Nevadans and our duly elected representatives have decided to use a sales tax to fund state and local governments. The rate should be uniform and low on all products. We should be taxed on how much we buy, not on who selects or doesn’t select a politically favored good or service.

Instead, politicians and, yes, voters have used the sales tax to pick winners and losers. Tesla won’t pay sales taxes for 20 years. The sales tax doesn’t apply to groceries or services, and in 2016, voters gave the first of two required approvals for a constitutional amendment that would exempt medical equipment from the sales tax. The “pink tax” proposal is the latest attempt to single out a new winner.

Note the cognitive dissonance here. Leftist academics routinely claim that associating pink with women is a gender stereotype. They argue it’s one of many stereotypes that our patriarchal society has put in place to solidify an unequal power relationship between men and women. Men use this power to keep women barefoot, pregnant and in the kitchen.

These politicians should apologize for … oh, wait. Liberals only pull out that psycho-babble for Republicans.

Cancela and Jauregui are playing politics to try to score some cheap political points with women — emphasis on cheap. Cancela acknowledges that “the total savings a year aren’t significant,” but that it’s about the “principle.”

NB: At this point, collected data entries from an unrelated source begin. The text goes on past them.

(* Let $\mathbf A=(A_n)\in\mathcal S_{\mathcal Y}({\sf BDO}(\Gamma))$ and let $h:\mathbb N\to\Gamma$ tend to infinity such that the limit operator $(\mathrm{Op}(\mathbf A)+P_{\Gamma'})_h$ exists. Suppose there is an integer $r\ge0$ such that for infinitely many $n$ there exists $k$ with $h(n)\in v_k(\partial_\Omega Y_k)^{-1}\Omega_r$. Then there exist a subsequence $g=(h(n_j))_{j\ge1}$ of $h$, a strictly increasing sequence $(k_j)_{j\ge1}$ of positive integers, elements $\eta_j\in(\partial_\Omega Y_{k_j})^{-1}$ and an element $w_*\in\Gamma$ such that $h(n_j)=v_{k_j}\eta_jw_*$ for all $j$, the limit operator $(P_{\Gamma'})_g$ exists, the strong limit $\mathrm{s\text{-}lim}_{j\to\infty}R_{w_*}^{-1}R_{\eta_j}^{-1}A_{k_j}P_{Y_{k_j}}R_{\eta_j}R_{w_*}$ exists, and \[(\mathrm{Op}(\mathbf A)+P_{\Gamma'})_h=\mathrm{s\text{-}lim}_{j\to\infty}R_{w_*}^{-1}R_{\eta_j}^{-1}A_{k_j}P_{Y_{k_j}}R_{\eta_j}R_{w_*}+(P_{\Gamma'})_g.\]
   Context: $\Gamma$ is a countable discrete group with identity $e$. For $X\subseteq\Gamma$, $P_X$ is the orthogonal projection of $l^2(\Gamma)$ onto $l^2(X)$. For $r\in\Gamma$, $(L_ru)(t)=u(r^{-1}t)$ and $(R_ru)(t)=u(tr)$; $R_r^{-1}=R_{r^{-1}}$. ${\sf BDO}(\Gamma)$ is the smallest closed subalgebra of $L(l^2(\Gamma))$ containing all $L_r$ and all multiplication operators $aI$, $a\in l^\infty(\Gamma)$. $\Omega\subseteq\Gamma$ is finite, contains $e$, generates $\Gamma$ as a semigroup; $\Omega_0=\{e\}$, $\Omega_n$ = set of products of at most $n$ elements of $\Omega$. For $A\subseteq\Gamma$: $\mathrm{int}_\Omega A=\{a\in A:\Omega a\subseteq A\}$, $\partial_\Omega A=A\setminus\mathrm{int}_\Omega A$; products and inverses of sets are taken elementwise. $\mathcal Y=(Y_n)$ is an increasing sequence of finite subsets of $\Gamma$ with union $\Gamma$. $\mathcal F_{\mathcal Y}$ is the $C^*$-algebra of bounded sequences $(A_n)$ of operators on $\mathrm{im}\,P_{Y_n}$; $\mathcal S_{\mathcal Y}({\sf BDO}(\Gamma))$ is its smallest closed $C^*$-subalgebra containing all $(P_{Y_n}AP_{Y_n})$, $A\in{\sf BDO}(\Gamma)$. Fix a sequence $(v_n)$ in $\Gamma$ which is inflating for $Z_n:=(Y_n\cup\Omega_n)(Y_n\cup\Omega_n)^{-1}(Y_n\cup\Omega_n)$, i.e. $Z_mv_m^{-1}\cap Z_nv_n^{-1}=\emptyset$ for $m\neq n$. Put $\mathrm{Op}(\mathbf A):=\sum_nR_{v_n}A_nP_{Y_n}R_{v_n}^{-1}$ (strongly convergent) and $\Gamma':=\Gamma\setminus\bigcup_nY_nv_n^{-1}$. A sequence $h:\mathbb N\to\Gamma$ tends to infinity if for each finite $\Gamma_0\subseteq\Gamma$, $h(n)\notin\Gamma_0$ for all large $n$. For $B\in L(l^2(\Gamma))$, $B_h$ is the limit operator of $B$ with respect to $h$ if $R_{h(m)}^{-1}BR_{h(m)}\to B_h$ and $R_{h(m)}^{-1}B^*R_{h(m)}\to B_h^*$ strongly as $m\to\infty$. *)

theory Defs
  imports "HOL-Analysis.Analysis"
begin

text \<open>The group Gamma is a type of class group_add (written additively:
  product = +, inverse = uminus, identity = 0; commutativity is NOT assumed)
  and countable. Vectors of l2(Gamma) are functions Gamma => complex; an
  operator is a map (Gamma => complex) => (Gamma => complex), only its
  behaviour on l2 matters.\<close>

type_synonym 'g vec = "'g \<Rightarrow> complex"
type_synonym 'g op = "'g vec \<Rightarrow> 'g vec"

definition L2 :: "'g vec set" where
  "L2 = {u. (\<lambda>t. (cmod (u t))\<^sup>2) summable_on UNIV}"

definition l2norm :: "'g vec \<Rightarrow> real" where
  "l2norm u = sqrt (infsum (\<lambda>t. (cmod (u t))\<^sup>2) UNIV)"

definition l2inner :: "'g vec \<Rightarrow> 'g vec \<Rightarrow> complex" where
  "l2inner u v = infsum (\<lambda>t. u t * cnj (v t)) UNIV"

definition bounded_op :: "'g op \<Rightarrow> bool" where
  "bounded_op B \<longleftrightarrow>
     (\<forall>u\<in>L2. B u \<in> L2) \<and>
     (\<forall>u\<in>L2. \<forall>v\<in>L2. \<forall>c::complex. B (\<lambda>t. u t + c * v t) = (\<lambda>t. B u t + c * B v t)) \<and>
     (\<exists>K. \<forall>u\<in>L2. l2norm (B u) \<le> K * l2norm u)"

definition opnorm :: "'g op \<Rightarrow> real" where
  "opnorm B = Sup {l2norm (B u) | u. u \<in> L2 \<and> l2norm u \<le> 1}"

text \<open>Hilbert space adjoint (unique on l2 for bounded operators).\<close>
definition adj :: "'g op \<Rightarrow> 'g op" where
  "adj B = (SOME C. (\<forall>v\<in>L2. C v \<in> L2) \<and>
                    (\<forall>u\<in>L2. \<forall>v\<in>L2. l2inner (B u) v = l2inner u (C v)))"

definition strong_lim :: "(nat \<Rightarrow> 'g op) \<Rightarrow> 'g op \<Rightarrow> bool" where
  "strong_lim Bs B \<longleftrightarrow> (\<forall>u\<in>L2. (\<lambda>m. l2norm (\<lambda>t. Bs m u t - B u t)) \<longlonglongrightarrow> 0)"

definition proj :: "'g set \<Rightarrow> 'g op" where
  "proj X u = (\<lambda>t. if t \<in> X then u t else 0)"

definition Lsh :: "'g::group_add \<Rightarrow> 'g op" where
  "Lsh r u = (\<lambda>t. u (- r + t))"

definition Rsh :: "'g::group_add \<Rightarrow> 'g op" where
  "Rsh r u = (\<lambda>t. u (t + r))"

definition mult_op :: "'g vec \<Rightarrow> 'g op" where
  "mult_op a u = (\<lambda>t. a t * u t)"

definition op_plus :: "'g op \<Rightarrow> 'g op \<Rightarrow> 'g op" where
  "op_plus A B u = (\<lambda>t. A u t + B u t)"

definition op_scale :: "complex \<Rightarrow> 'g op \<Rightarrow> 'g op" where
  "op_scale c A u = (\<lambda>t. c * A u t)"

definition op_minus :: "'g op \<Rightarrow> 'g op \<Rightarrow> 'g op" where
  "op_minus A B u = (\<lambda>t. A u t - B u t)"

inductive_set BDO :: "('g::{group_add,countable}) op set" where
  shift: "Lsh r \<in> BDO"
| mult: "bdd_above (range (\<lambda>t. cmod (a t))) \<Longrightarrow> mult_op a \<in> BDO"
| plus: "A \<in> BDO \<Longrightarrow> B \<in> BDO \<Longrightarrow> op_plus A B \<in> BDO"
| scale: "A \<in> BDO \<Longrightarrow> op_scale c A \<in> BDO"
| comp: "A \<in> BDO \<Longrightarrow> B \<in> BDO \<Longrightarrow> A \<circ> B \<in> BDO"
| lim: "(\<And>k. As k \<in> BDO) \<Longrightarrow> bounded_op A \<Longrightarrow>
        (\<lambda>k. opnorm (op_minus (As k) A)) \<longlonglongrightarrow> 0 \<Longrightarrow> A \<in> BDO"

text \<open>Sequences are indexed by n = 1,2,3,... (index 0 is ignored).
  A_n is an operator on im P_{Y_n}, represented as an operator B on l2(Gamma)
  with B = P_{Y_n} B P_{Y_n} on l2.\<close>

definition seqnorm :: "(nat \<Rightarrow> 'g op) \<Rightarrow> real" where
  "seqnorm X = (SUP n\<in>{1..}. opnorm (X n))"

definition FY :: "(nat \<Rightarrow> 'g set) \<Rightarrow> (nat \<Rightarrow> 'g op) set" where
  "FY Y = {X. (\<forall>n\<ge>1. bounded_op (X n) \<and>
                 (\<forall>u\<in>L2. X n u = proj (Y n) (X n (proj (Y n) u)))) \<and>
              bdd_above ((\<lambda>n. opnorm (X n)) ` {1..})}"

inductive_set SY :: "(nat \<Rightarrow> ('g::{group_add,countable}) set) \<Rightarrow> (nat \<Rightarrow> 'g op) set"
  for Y :: "nat \<Rightarrow> 'g set" where
  gen: "A \<in> BDO \<Longrightarrow> (\<lambda>n. proj (Y n) \<circ> A \<circ> proj (Y n)) \<in> SY Y"
| plus: "X \<in> SY Y \<Longrightarrow> Z \<in> SY Y \<Longrightarrow> (\<lambda>n. op_plus (X n) (Z n)) \<in> SY Y"
| scale: "X \<in> SY Y \<Longrightarrow> (\<lambda>n. op_scale c (X n)) \<in> SY Y"
| comp: "X \<in> SY Y \<Longrightarrow> Z \<in> SY Y \<Longrightarrow> (\<lambda>n. X n \<circ> Z n) \<in> SY Y"
| adj: "X \<in> SY Y \<Longrightarrow> (\<lambda>n. adj (X n)) \<in> SY Y"
| lim: "(\<And>k. Xs k \<in> SY Y) \<Longrightarrow> X \<in> FY Y \<Longrightarrow>
        (\<lambda>k. seqnorm (\<lambda>n. op_minus (Xs k n) (X n))) \<longlonglongrightarrow> 0 \<Longrightarrow> X \<in> SY Y"

definition setmul :: "'g::group_add set \<Rightarrow> 'g set \<Rightarrow> 'g set" where
  "setmul A B = {a + b | a b. a \<in> A \<and> b \<in> B}"

definition setinv :: "'g::group_add set \<Rightarrow> 'g set" where
  "setinv A = uminus ` A"

definition OmegaN :: "'g::group_add set \<Rightarrow> nat \<Rightarrow> 'g set" where
  "OmegaN \<Omega> n = {sum_list xs | xs. set xs \<subseteq> \<Omega> \<and> length xs \<le> n}"

definition int_Om :: "'g::group_add set \<Rightarrow> 'g set \<Rightarrow> 'g set" where
  "int_Om \<Omega> A = {a \<in> A. \<forall>w\<in>\<Omega>. w + a \<in> A}"

definition bd_Om :: "'g::group_add set \<Rightarrow> 'g set \<Rightarrow> 'g set" where
  "bd_Om \<Omega> A = A - int_Om \<Omega> A"

definition Zset :: "'g::group_add set \<Rightarrow> (nat \<Rightarrow> 'g set) \<Rightarrow> nat \<Rightarrow> 'g set" where
  "Zset \<Omega> Y n = (let W = Y n \<union> OmegaN \<Omega> n in setmul (setmul W (setinv W)) W)"

text \<open>Op(A) = sum_{n>=1} R_{v_n} A_n P_{Y_n} R_{v_n}^{-1}; for inflating v the
  summands have pairwise disjoint supports, so the strong sum is the pointwise sum.\<close>
definition OpA :: "(nat \<Rightarrow> 'g::group_add set) \<Rightarrow> (nat \<Rightarrow> 'g) \<Rightarrow> (nat \<Rightarrow> 'g op) \<Rightarrow> 'g op" where
  "OpA Y v A u = (\<lambda>t. \<Sum>n. if n \<ge> 1 then Rsh (v n) (A n (proj (Y n) (Rsh (- v n) u))) t else 0)"

definition Gamma' :: "(nat \<Rightarrow> 'g::group_add set) \<Rightarrow> (nat \<Rightarrow> 'g) \<Rightarrow> 'g set" where
  "Gamma' Y v = UNIV - (\<Union>n\<in>{1..}. setmul (Y n) {- v n})"

definition tends_to_inf :: "(nat \<Rightarrow> 'g) \<Rightarrow> bool" where
  "tends_to_inf h \<longleftrightarrow> (\<forall>G0. finite G0 \<longrightarrow> (\<forall>\<^sub>F n in sequentially. h n \<notin> G0))"

definition limop :: "'g::group_add op \<Rightarrow> (nat \<Rightarrow> 'g) \<Rightarrow> 'g op \<Rightarrow> bool" where
  "limop B h C \<longleftrightarrow>
     strong_lim (\<lambda>m. Rsh (- h m) \<circ> B \<circ> Rsh (h m)) C \<and>
     strong_lim (\<lambda>m. Rsh (- h m) \<circ> adj B \<circ> Rsh (h m)) (adj C)"

end

theory Submission
  imports Defs
begin

(* Write g_j for the subsequence of h along which
   h(n_j) = v_{k_j} eta_j w_*.  The operator Op(A) is a direct sum of the blocks
   R_{v_k} A_k P_{Y_k} R_{v_k}^{-1}, living on the pairwise disjoint regions Y_k v_k^{-1}
   (disjoint because v is inflating).  Conjugating by R_{g_j}, the k_j-th block becomes
   R_{w_*}^{-1} R_{eta_j}^{-1} A_{k_j} P_{Y_{k_j}} R_{eta_j} R_{w_*}, and the remaining blocks
   only see the conjugated region G_j of all other blocks.  Because the Z_k v_k^{-1} are
   disjoint and w_* lies in Omega_k for large k, every fixed point eventually leaves G_j, so
   the remainder tends to zero strongly (dominated convergence in l^2).  Hence the
   conjugated blocks converge strongly to (Op(A) + P_Gamma')_h - (P_Gamma')_g, where a
   further subsequence, chosen by compactness of {0,1}^Gamma, makes (P_Gamma')_g exist. *)

abbreviation L2s :: "'g vec \<Rightarrow> 'g set \<Rightarrow> real" where
  "L2s u F \<equiv> L2_set (\<lambda>t. cmod (u t)) F"

lemma L2_set_sq: "(L2_set f F)^2 = (\<Sum>i\<in>F. (f i)^2)"
  by (simp add: L2_set_def sum_nonneg)

lemma l2norm_nonneg: "0 \<le> l2norm u"
  unfolding l2norm_def by (simp add: infsum_nonneg)

lemma l2_fin_le:
  assumes "u \<in> L2" "finite F" shows "L2s u F \<le> l2norm u"
proof -
  have s: "(\<lambda>t. (cmod (u t))^2) summable_on UNIV" using assms by (simp add: L2_def)
  have "(\<Sum>t\<in>F. (cmod (u t))^2) \<le> infsum (\<lambda>t. (cmod (u t))^2) UNIV"
    by (rule finite_sum_le_infsum[OF s assms(2)]) auto
  then show ?thesis unfolding L2_set_def l2norm_def by (simp add: real_sqrt_le_mono)
qed

lemma l2_from_fin:
  assumes B: "0 \<le> B" and le: "\<And>F. finite F \<Longrightarrow> L2s u F \<le> B"
  shows "u \<in> L2 \<and> l2norm u \<le> B"
proof -
  have le2: "(\<Sum>t\<in>F. (cmod (u t))^2) \<le> B^2" if "finite F" for F
  proof -
    have "(L2s u F)^2 \<le> B^2" using le[OF that] by (simp add: power_mono)
    then show ?thesis by (simp add: L2_set_sq)
  qed
  have bdd: "bdd_above (sum (\<lambda>t. (cmod (u t))^2) ` {F. F \<subseteq> UNIV \<and> finite F})"
    by (rule bdd_aboveI2[where M="B^2"]) (use le2 in auto)
  have sm: "(\<lambda>t. (cmod (u t))^2) summable_on UNIV"
    by (rule nonneg_bdd_above_summable_on) (use bdd in auto)
  have "infsum (\<lambda>t. (cmod (u t))^2) UNIV \<le> B^2"
    by (rule infsum_le_finite_sums[OF sm]) (use le2 in auto)
  then have "l2norm u \<le> sqrt (B^2)" unfolding l2norm_def by (rule real_sqrt_le_mono)
  then have "l2norm u \<le> B" using B by simp
  with B sm show ?thesis by (simp add: L2_def)
qed

lemma L2s_subset: "finite H \<Longrightarrow> G \<subseteq> H \<Longrightarrow> L2s u G \<le> L2s u H"
  unfolding L2_set_def by (intro real_sqrt_le_mono sum_mono2) auto

lemma L2s_cong0: "finite H \<Longrightarrow> (\<And>t. t \<in> H - G \<Longrightarrow> u t = 0) \<Longrightarrow> G \<subseteq> H \<Longrightarrow> L2s u H = L2s u G"
  unfolding L2_set_def by (rule arg_cong[where f=sqrt], rule sum.mono_neutral_right) auto

lemma fin_supp_L2:
  assumes S: "finite S" and z: "\<And>t. t \<notin> S \<Longrightarrow> u t = 0"
  shows "u \<in> L2" and "l2norm u = L2s u S"
proof -
  have *: "u \<in> L2 \<and> l2norm u \<le> L2s u S"
  proof (rule l2_from_fin)
    fix F :: "'a set" assume F: "finite F"
    have "L2s u F = L2s u (F \<inter> S)" by (rule L2s_cong0) (use F z in auto)
    also have "\<dots> \<le> L2s u S" by (rule L2s_subset) (use S in auto)
    finally show "L2s u F \<le> L2s u S" .
  qed simp
  then show "u \<in> L2" by simp
  show "l2norm u = L2s u S" using * l2_fin_le[OF _ S, of u] by simp
qed

lemma zero_L2[simp]: "(\<lambda>t. 0) \<in> L2" and l2norm_zero[simp]: "l2norm (\<lambda>t. 0) = 0"
  using fin_supp_L2[of "{}" "\<lambda>t. 0"] by auto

Politicians ham it up for the cameras all the time by giving away someone else’s money, but usually they give away something of significant value. Thousands of Nevada government workers make more than $150,000 a year. Union construction workers are paid wages 45 percent above market rates on government projects. The billionaire backing Faraday got more than $200 million.

For women? My wife estimates this “pink tax” proposal would save the average woman 75 cents a month, or $8 a year.

At least we’ve identified a source of the mythical gender pay gap. Some people think women don’t know how to negotiate.